BJ Williams Bone Marrow Transplant
Red Bank High School 2007
I'm Michael Williams, Billy Joe's dad and our family is seeking to raise funds for an up coming bone marrow transplant that he will be needing. Billy will have to go to Seattle Washing to children Medical hospital for a bone marrow transplantation. billy has been dianoised with I.P.E.X. syndrome a very rare disease (200 cases world wide).
I.P.E.X. Syndrome (immunnodysselectingregulation polyendocrinopathy,X link syndrome) is a rare disease linked to the dysfunction of the transcription factor FoxPE, widley know to be the master regulator of the Tcell lineage.
This autoimmunity is called IPEX and is the attack od the bodies on immune system against the body's own tissues and organs. Early age onset of this disease in males causes severe enlagement of the secondary lymphoid organs, insulin dependent diabetes, eczema, food allegies and inffections. There has been limited succes in treating the syndrome by bone marrow transplantion.

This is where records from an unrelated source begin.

lemma (in group) maximal_sub_above:
  assumes "finite (carrier G)" "subgroup K G" "K \<subset> Q"
  obtains M where "maximal_sub G M Q" "K \<subseteq> M"
proof -
  define S where "S = {M. subgroup M G \<and> K \<subseteq> M \<and> M \<subset> Q}"
  have "finite S"
    using assms(1) subgroup.subset unfolding S_def by (blast intro: finite_subset[of _ "Pow (carrier G)"])
  moreover have "K \<in> S" using assms unfolding S_def by blast
  ultimately obtain M where M: "M \<in> S" "\<forall>L\<in>S. M \<subseteq> L \<longrightarrow> M = L"
    using finite_has_maximal by blast
  have "maximal_sub G M Q"
    using M unfolding maximal_sub_def S_def by blast
  with M(1) show thesis using that unfolding S_def by blast
qed

lemma (in group) set_mult_nongenerators_eqD:
  assumes "finite (carrier G)" "subgroup K G" "K \<subseteq> Q"
    and D: "\<And>M. maximal_sub G M Q \<Longrightarrow> D \<subseteq> M" and KD: "K <#> D = Q"
  shows "K = Q"
proof (rule ccontr)
  assume "K \<noteq> Q"
  with assms obtain M where M: "maximal_sub G M Q" "K \<subseteq> M"
    using maximal_sub_above by blast
  then have "subgroup M G" "M \<subset> Q" unfolding maximal_sub_def by auto
  moreover have "K <#> D \<subseteq> M"
    using M D[OF M(1)] subgroup.m_closed[OF \<open>subgroup M G\<close>] unfolding set_mult_def by blast
  ultimately show False using KD by blast
qed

We are raising this money to cover living expenses and other nesecities that will be needed to for the 6 month period he will be staying there. His mom will be joining him to be by his side through the procedure. It will be a very long road for Billy. The whole process can take up to a full year before we truely see the full rewards.

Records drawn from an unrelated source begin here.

(* Let $k\ge1$, $A\subseteq\mathbb{R}$ open, $x\in A$ and $f\in C^k(A,\mathbb{R})$. Then for all $h\in D_k$, $${}^\bullet f(x+h)=\sum_{i=0}^k\frac{h^i}{i!}\,f^{(i)}(x)\quad\text{in }{}^\bullet\mathbb{R},$$ and the real coefficients $f^{(i)}(x)$, $i=0,\dots,k$, are uniquely determined by this formula (i.e. if $c_0,\dots,c_k\in\mathbb{R}$ satisfy ${}^\bullet f(x+h)=\sum_{i=0}^k\frac{h^i}{i!}c_i$ for all $h\in D_k$, then $c_i=f^{(i)}(x)$).
   Context: A function $x:\mathbb{R}\to\mathbb{R}$ is nilpotent if $|x(t)-x(0)|^m=o(t)$ as $t\to0$ for some $m\in\mathbb{N}$; for $A\subseteq\mathbb{R}$, $\mathrm{Nil}(A)$ is the set of nilpotent functions with values in $A$; $x\sim y$ iff $x(t)=y(t)+o(t)$ as $t\to0$. ${}^\bullet A:=\mathrm{Nil}(A)/\sim\subseteq{}^\bullet\mathbb{R}:=\mathrm{Nil}(\mathbb{R})/\sim$ (a commutative ring under pointwise operations, reals identified with constant functions). For locally Lipschitz $g:A\to\mathbb{R}$, ${}^\bullet g([y]):=[g\circ y]$. $D:=\{h\in{}^\bullet\mathbb{R}:\limsup_{t\to0}|h(t)/t|<+\infty\}$ and $D_k:=\{h\in{}^\bullet\mathbb{R}: h^k\in D\}$; elements of $D_k$ have standard part $0$, so $x+h\in{}^\bullet A$. *)

theory Defs
  imports "HOL-Analysis.Analysis" "HOL-Library.Landau_Symbols"
begin

text \<open>Fermat reals, worked with at the level of representatives.
  A representative is a function real => real; the class [x] in the quotient
  is handled through the relation fermat_eq.\<close>

definition nilpotent :: "(real \<Rightarrow> real) \<Rightarrow> bool" where
  "nilpotent x \<longleftrightarrow> (\<exists>m::nat. (\<lambda>t. \<bar>x t - x 0\<bar> ^ m) \<in> o[at 0](\<lambda>t. t))"

definition Nil :: "real set \<Rightarrow> (real \<Rightarrow> real) set" where
  "Nil A = {x. nilpotent x \<and> (\<forall>t. x t \<in> A)}"

definition fermat_eq :: "(real \<Rightarrow> real) \<Rightarrow> (real \<Rightarrow> real) \<Rightarrow> bool" where
  "fermat_eq x y \<longleftrightarrow> (\<lambda>t. x t - y t) \<in> o[at 0](\<lambda>t. t)"

definition in_D :: "(real \<Rightarrow> real) \<Rightarrow> bool" where
  "in_D h \<longleftrightarrow> nilpotent h \<and> Limsup (at 0) (\<lambda>t. ereal \<bar>h t / t\<bar>) < \<infinity>"

definition in_Dk :: "nat \<Rightarrow> (real \<Rightarrow> real) \<Rightarrow> bool" where
  "in_Dk k h \<longleftrightarrow> nilpotent h \<and> in_D (\<lambda>t. h t ^ k)"

definition Ck_on :: "nat \<Rightarrow> real set \<Rightarrow> (real \<Rightarrow> real) \<Rightarrow> bool" where
  "Ck_on k A f \<longleftrightarrow> (\<forall>i<k. \<forall>y\<in>A. ((deriv ^^ i) f) differentiable (at y))
                   \<and> continuous_on A ((deriv ^^ k) f)"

We are trying to gather the funds as soon as we can. the doctors want to do this tgransplant during the summer months to minimize the risk for inffections.
I know this is short notice but we have only know aboout this for about a month now. We are trying to get as much of this by June 15th 2016
Your donation will be so gratefully appreciated by our whole family to hopefully allow Billy to lead a some what normal life without all these illneses. Billy if you ever have a chance to meet him would be the first to let you know quickly how much he aapreciates your donation.

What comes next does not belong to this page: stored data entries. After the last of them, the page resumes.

lemma p_cc_mult_L_sup_mu_le_L_un:
  fixes \<rho> :: "'c::finite pmf" and D :: "'c \<Rightarrow> 'x measure" and f :: "'x \<Rightarrow> real^'d"
  assumes P: "\<And>c. prob_space (D c)" and S: "\<And>c. sets (D c) = sets S" and fm: "f \<in> borel_measurable S"
    and I: "\<And>c. integrable (D c) f"
  shows "ennreal (p_cc \<rho> N) * L_sup_mu \<rho> D f \<le> L_un \<rho> D N f"
proof -
  define w where "w cs = ennreal (\<Prod>i<N. pmf \<rho> (cs i))" for cs :: "nat \<Rightarrow> 'c"
  define loss where "loss c = (\<integral>\<^sup>+x. ennreal (- ln (exp (W_mu D f c \<bullet> f x) /
    (\<Sum>c'\<in>UNIV. exp (W_mu D f c' \<bullet> f x)))) \<partial>D c)" for c
  have "ennreal (p_cc \<rho> N) = (\<Sum>cs\<in>covering_draws N. w cs)"
    by (simp add: p_cc_eq_sum w_def prod_nonneg)
  then have "ennreal (p_cc \<rho> N) * L_sup_mu \<rho> D f
      = (\<Sum>c\<in>UNIV. ennreal (pmf \<rho> c) * (\<Sum>cs\<in>covering_draws N. w cs * loss c))"
    by (simp add: L_sup_mu_def sup_loss_W_def loss_def sum_distrib_left sum_distrib_right mult_ac)
  also have "\<dots> \<le> (\<Sum>c\<in>UNIV. ennreal (pmf \<rho> c) *
      (\<Sum>cs\<in>covering_draws N. w cs * L_un_given_classes D N f c cs))"
    unfolding loss_def using P S fm I
    by (intro sum_mono mult_left_mono sup_loss_mean_le_L_un_given_classes) auto
  also have "\<dots> \<le> (\<Sum>c\<in>UNIV. ennreal (pmf \<rho> c) *
      (\<Sum>cs\<in>{..<N} \<rightarrow>\<^sub>E UNIV. w cs * L_un_given_classes D N f c cs))"
    by (intro sum_mono mult_left_mono sum_mono2) (auto simp: covering_draws_def finite_PiE)
  also have "\<dots> = L_un \<rho> D N f"
    unfolding w_def using P S fm by (rule L_un_eq_sum_given_classes[symmetric])
  finally show ?thesis .
qed

theorem lemma3p2:
  fixes \<rho> :: "'c::finite pmf" and D :: "'c \<Rightarrow> 'x measure" and S :: "'x measure"
    and f :: "'x \<Rightarrow> real^'d" and N :: nat
  assumes "\<forall>c. pmf \<rho> c > 0"
    and "\<forall>c. prob_space (D c)"
    and "\<forall>c. sets (D c) = sets S"
    and "f \<in> borel_measurable S"
    and "\<forall>c. integrable (D c) f"
    and "N \<ge> CARD('c)"
  shows "L_sup \<rho> D f \<le> L_sup_mu \<rho> D f \<and> L_sup_mu \<rho> D f \<le> L_un \<rho> D N f / ennreal (p_cc \<rho> N)"
proof
  show "L_sup \<rho> D f \<le> L_sup_mu \<rho> D f"
    unfolding L_sup_def L_sup_mu_def by (rule INF_lower) simp
  have "p_cc \<rho> N > 0"
    using assms(1,6) by (intro p_cc_pos) auto
  then have "L_sup_mu \<rho> D f = ennreal (p_cc \<rho> N) * L_sup_mu \<rho> D f / ennreal (p_cc \<rho> N)"
    by (simp add: ennreal_mult_divide_eq mult.commute)
  also have "\<dots> \<le> L_un \<rho> D N f / ennreal (p_cc \<rho> N)"
    using assms(2-5) by (intro divide_right_mono_ennreal p_cc_mult_L_sup_mu_le_L_un) auto
  finally show "L_sup_mu \<rho> D f \<le> L_un \<rho> D N f / ennreal (p_cc \<rho> N)" .
qed

end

I wanted to give you an update on BJ'S condition. He has had a few set backs during his stay in Seattle but it looks like things may be making a turn for the good. He had Host vs Graph Disease (HGV) set in in his skin and stomach. They have been able to treat his skin issues with a procedure called ECP that treats his blood with ultraviolet lights and that has worked extremely well. They are now treating the HGV in his stomach with a experimental drug. This was declined by the insurance company because it is considered an experimental drug, even though it's been out for 10 years. We were able to get it approved due to his lack of income. He had been in the hospital for 37 days but because of the drug he got released last Thursday. He seems to be making progress and we are hoping that he is on the last leg of this journey. To say Beth and BJ have been through it would be a understatement.'
I wanted to post this to give everyone a update on his progress.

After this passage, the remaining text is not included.